====== Source records ======

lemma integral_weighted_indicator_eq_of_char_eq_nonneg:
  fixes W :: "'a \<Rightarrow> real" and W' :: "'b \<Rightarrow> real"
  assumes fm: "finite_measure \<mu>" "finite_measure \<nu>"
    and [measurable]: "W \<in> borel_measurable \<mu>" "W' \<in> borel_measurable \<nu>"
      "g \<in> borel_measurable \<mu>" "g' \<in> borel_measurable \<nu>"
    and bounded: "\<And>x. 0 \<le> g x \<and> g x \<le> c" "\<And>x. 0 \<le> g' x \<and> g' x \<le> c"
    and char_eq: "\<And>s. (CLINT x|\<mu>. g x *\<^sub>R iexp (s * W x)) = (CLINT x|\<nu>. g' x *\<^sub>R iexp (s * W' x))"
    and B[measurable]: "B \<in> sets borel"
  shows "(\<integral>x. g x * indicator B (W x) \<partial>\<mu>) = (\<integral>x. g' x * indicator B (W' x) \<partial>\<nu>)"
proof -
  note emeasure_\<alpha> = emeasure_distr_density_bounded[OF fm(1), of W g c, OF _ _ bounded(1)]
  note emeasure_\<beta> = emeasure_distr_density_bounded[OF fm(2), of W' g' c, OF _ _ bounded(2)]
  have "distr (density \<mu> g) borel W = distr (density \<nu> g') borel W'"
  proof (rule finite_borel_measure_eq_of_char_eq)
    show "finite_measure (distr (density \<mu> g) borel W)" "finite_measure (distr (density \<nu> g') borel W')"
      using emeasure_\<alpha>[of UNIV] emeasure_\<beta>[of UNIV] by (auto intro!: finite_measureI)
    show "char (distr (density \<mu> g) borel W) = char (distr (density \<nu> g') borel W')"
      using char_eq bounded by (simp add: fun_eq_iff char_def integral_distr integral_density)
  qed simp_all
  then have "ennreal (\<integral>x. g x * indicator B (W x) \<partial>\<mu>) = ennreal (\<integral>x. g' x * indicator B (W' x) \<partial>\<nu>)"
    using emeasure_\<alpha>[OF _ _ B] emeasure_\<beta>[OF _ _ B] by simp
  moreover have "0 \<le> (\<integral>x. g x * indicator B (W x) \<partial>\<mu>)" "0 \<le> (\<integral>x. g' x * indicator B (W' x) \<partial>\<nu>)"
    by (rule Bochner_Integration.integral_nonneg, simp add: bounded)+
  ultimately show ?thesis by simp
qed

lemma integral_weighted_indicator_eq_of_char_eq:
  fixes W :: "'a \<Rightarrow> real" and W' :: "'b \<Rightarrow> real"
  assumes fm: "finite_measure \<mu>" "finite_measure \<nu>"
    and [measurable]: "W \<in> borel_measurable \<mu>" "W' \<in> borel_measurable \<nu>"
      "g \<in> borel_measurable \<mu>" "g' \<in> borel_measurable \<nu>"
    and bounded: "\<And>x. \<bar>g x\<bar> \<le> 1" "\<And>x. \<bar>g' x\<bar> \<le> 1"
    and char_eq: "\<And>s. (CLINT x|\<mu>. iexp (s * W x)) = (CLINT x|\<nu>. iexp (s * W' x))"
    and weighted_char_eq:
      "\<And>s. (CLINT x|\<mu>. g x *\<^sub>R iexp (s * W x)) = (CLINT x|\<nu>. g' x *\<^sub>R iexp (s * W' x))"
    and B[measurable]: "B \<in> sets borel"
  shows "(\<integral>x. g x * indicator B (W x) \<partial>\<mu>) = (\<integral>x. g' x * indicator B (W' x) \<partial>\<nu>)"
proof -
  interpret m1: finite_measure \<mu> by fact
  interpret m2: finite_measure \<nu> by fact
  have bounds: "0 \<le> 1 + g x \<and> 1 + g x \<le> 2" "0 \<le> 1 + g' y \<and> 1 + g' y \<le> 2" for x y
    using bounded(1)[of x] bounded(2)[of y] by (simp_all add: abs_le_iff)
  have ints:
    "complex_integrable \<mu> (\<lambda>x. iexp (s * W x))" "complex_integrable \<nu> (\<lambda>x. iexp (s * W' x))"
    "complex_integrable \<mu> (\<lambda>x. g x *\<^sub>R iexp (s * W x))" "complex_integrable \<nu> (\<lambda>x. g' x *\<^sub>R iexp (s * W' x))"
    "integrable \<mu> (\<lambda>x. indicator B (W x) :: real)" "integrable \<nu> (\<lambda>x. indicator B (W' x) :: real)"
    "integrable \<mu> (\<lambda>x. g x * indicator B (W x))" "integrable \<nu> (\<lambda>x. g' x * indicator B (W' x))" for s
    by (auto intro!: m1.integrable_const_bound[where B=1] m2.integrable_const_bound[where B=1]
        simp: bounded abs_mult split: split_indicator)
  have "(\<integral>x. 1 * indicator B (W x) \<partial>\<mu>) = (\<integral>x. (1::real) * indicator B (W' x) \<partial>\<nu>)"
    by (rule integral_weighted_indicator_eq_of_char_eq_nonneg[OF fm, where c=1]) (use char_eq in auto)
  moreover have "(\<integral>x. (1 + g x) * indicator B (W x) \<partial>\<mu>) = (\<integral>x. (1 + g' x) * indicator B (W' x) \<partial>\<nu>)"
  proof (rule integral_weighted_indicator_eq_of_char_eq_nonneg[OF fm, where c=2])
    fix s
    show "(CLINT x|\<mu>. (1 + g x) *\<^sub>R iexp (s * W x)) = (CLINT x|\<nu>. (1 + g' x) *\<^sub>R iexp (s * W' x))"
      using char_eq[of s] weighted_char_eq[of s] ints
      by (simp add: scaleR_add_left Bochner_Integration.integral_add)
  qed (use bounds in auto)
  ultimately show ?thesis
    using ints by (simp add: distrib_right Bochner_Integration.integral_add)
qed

======
====== Source records ======

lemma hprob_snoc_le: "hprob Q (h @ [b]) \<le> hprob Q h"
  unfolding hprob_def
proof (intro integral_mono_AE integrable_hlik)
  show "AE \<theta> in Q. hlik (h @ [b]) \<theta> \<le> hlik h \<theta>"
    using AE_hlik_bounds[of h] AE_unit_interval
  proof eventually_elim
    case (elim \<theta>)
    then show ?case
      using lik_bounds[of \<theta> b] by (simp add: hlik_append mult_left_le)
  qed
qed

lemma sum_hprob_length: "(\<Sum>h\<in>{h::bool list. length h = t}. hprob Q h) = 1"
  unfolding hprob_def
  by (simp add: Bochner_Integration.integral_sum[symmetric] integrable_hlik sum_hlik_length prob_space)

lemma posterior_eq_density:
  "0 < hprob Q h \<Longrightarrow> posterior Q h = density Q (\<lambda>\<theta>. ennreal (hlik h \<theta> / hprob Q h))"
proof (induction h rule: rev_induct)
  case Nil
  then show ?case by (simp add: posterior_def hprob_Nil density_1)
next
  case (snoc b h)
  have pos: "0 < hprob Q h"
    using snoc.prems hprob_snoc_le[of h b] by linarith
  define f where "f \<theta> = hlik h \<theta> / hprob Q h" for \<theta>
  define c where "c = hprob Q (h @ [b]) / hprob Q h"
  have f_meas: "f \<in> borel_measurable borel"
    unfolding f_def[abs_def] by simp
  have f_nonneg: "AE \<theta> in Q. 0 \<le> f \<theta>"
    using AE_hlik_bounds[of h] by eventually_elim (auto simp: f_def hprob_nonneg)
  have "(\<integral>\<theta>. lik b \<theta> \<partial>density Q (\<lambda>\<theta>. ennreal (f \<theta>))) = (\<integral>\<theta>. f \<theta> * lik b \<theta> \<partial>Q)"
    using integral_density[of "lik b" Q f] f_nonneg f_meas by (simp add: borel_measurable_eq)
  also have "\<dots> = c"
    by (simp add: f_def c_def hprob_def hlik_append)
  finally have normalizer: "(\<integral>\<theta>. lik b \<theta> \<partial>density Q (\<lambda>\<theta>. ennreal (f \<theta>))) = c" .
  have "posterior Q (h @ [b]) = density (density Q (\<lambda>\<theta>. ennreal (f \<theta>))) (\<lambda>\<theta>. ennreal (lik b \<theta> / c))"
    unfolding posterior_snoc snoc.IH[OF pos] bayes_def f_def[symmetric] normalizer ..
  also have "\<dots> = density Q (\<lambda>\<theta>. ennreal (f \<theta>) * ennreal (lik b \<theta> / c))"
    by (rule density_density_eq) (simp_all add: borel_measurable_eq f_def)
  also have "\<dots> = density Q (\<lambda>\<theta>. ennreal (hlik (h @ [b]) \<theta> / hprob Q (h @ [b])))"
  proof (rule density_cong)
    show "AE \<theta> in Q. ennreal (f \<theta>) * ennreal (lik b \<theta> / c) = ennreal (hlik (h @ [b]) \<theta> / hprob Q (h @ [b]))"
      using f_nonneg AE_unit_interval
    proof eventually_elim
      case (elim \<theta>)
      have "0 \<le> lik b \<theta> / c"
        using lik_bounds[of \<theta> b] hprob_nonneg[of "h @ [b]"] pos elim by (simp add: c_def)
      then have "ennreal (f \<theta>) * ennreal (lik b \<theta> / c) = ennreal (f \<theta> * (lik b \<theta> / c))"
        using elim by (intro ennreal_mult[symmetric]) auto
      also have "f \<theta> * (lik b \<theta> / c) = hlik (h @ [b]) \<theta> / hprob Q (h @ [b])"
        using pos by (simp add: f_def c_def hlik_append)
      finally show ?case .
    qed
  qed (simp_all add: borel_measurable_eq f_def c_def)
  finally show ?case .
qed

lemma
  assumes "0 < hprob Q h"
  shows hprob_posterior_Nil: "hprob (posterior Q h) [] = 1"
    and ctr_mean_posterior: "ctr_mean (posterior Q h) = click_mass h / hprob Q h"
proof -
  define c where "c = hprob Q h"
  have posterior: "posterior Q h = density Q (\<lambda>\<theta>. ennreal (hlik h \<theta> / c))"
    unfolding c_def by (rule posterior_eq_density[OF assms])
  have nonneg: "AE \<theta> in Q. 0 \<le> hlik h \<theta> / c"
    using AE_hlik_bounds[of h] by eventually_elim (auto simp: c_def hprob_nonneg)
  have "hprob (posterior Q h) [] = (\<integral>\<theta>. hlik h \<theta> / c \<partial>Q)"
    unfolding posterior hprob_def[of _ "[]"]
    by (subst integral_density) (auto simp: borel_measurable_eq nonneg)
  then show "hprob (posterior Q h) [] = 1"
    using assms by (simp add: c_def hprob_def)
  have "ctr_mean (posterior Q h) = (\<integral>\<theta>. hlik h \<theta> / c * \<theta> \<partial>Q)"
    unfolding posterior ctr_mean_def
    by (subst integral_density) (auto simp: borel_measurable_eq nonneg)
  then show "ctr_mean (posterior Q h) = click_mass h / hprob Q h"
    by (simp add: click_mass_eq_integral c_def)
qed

======

◆ **Work instructions**:
Once each line with "symmetric" in the entries is counted, state the total and nothing else.

◆ **Response area**:
3